## WORK TO COMPLETE
For the listing below, return the line containing "brT \<alpha> \<xi> \<longleftrightarrow>", the line containing "(\<forall>m n p.", and all lines in between, exactly as written and nothing else.

Start of Block

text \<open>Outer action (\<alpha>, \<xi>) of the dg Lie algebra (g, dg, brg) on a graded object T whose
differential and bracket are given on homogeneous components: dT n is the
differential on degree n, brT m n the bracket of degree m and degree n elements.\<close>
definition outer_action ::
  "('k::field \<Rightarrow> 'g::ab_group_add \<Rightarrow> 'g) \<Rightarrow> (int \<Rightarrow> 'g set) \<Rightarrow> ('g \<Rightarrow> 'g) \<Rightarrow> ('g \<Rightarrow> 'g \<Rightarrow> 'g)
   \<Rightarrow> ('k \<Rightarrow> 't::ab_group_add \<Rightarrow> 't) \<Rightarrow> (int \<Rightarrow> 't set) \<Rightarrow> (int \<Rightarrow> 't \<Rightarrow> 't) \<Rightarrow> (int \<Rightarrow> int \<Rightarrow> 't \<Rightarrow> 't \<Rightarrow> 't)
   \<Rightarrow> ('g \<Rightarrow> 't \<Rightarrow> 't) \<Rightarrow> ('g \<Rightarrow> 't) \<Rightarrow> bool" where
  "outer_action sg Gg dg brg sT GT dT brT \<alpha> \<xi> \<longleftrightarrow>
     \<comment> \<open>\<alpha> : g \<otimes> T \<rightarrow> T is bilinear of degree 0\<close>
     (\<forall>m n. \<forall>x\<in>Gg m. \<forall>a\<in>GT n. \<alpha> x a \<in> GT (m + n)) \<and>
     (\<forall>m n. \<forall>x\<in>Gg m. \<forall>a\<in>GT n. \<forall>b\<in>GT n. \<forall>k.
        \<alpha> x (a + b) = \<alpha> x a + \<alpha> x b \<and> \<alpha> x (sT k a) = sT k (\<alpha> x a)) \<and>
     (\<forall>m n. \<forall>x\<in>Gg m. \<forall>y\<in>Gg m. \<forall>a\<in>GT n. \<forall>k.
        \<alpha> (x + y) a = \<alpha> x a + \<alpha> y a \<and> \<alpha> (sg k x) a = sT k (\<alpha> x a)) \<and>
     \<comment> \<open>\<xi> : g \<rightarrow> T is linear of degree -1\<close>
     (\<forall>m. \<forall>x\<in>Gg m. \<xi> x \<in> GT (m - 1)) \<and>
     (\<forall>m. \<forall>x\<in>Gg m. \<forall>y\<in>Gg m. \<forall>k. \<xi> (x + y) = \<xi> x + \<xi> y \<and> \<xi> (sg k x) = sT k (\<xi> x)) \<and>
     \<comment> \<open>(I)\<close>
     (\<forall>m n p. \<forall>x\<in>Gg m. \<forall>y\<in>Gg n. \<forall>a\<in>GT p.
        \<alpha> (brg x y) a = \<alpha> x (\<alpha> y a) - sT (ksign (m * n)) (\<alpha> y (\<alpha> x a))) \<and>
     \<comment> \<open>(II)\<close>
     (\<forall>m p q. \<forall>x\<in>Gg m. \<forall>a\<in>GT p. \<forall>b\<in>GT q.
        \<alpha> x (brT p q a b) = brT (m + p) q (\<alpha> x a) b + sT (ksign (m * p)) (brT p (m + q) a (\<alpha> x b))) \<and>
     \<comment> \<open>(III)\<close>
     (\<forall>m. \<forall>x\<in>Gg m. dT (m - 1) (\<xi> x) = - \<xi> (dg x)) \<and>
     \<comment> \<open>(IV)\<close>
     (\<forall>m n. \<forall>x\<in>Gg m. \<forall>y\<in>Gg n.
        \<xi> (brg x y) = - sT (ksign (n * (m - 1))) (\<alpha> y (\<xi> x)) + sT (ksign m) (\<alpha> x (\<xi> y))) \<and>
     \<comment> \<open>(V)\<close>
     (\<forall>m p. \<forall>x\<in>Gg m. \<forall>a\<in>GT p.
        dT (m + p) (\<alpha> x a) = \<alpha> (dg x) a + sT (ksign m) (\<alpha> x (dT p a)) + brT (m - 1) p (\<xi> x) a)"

End of Block

## WORKED SOLUTION
  "outer_action sg Gg dg brg sT GT dT brT \<alpha> \<xi> \<longleftrightarrow>
     \<comment> \<open>\<alpha> : g \<otimes> T \<rightarrow> T is bilinear of degree 0\<close>
     (\<forall>m n. \<forall>x\<in>Gg m. \<forall>a\<in>GT n. \<alpha> x a \<in> GT (m + n)) \<and>
     (\<forall>m n. \<forall>x\<in>Gg m. \<forall>a\<in>GT n. \<forall>b\<in>GT n. \<forall>k.
        \<alpha> x (a + b) = \<alpha> x a + \<alpha> x b \<and> \<alpha> x (sT k a) = sT k (\<alpha> x a)) \<and>
     (\<forall>m n. \<forall>x\<in>Gg m. \<forall>y\<in>Gg m. \<forall>a\<in>GT n. \<forall>k.
        \<alpha> (x + y) a = \<alpha> x a + \<alpha> y a \<and> \<alpha> (sg k x) a = sT k (\<alpha> x a)) \<and>
     \<comment> \<open>\<xi> : g \<rightarrow> T is linear of degree -1\<close>
     (\<forall>m. \<forall>x\<in>Gg m. \<xi> x \<in> GT (m - 1)) \<and>
     (\<forall>m. \<forall>x\<in>Gg m. \<forall>y\<in>Gg m. \<forall>k. \<xi> (x + y) = \<xi> x + \<xi> y \<and> \<xi> (sg k x) = sT k (\<xi> x)) \<and>
     \<comment> \<open>(I)\<close>
     (\<forall>m n p. \<forall>x\<in>Gg m. \<forall>y\<in>Gg n. \<forall>a\<in>GT p.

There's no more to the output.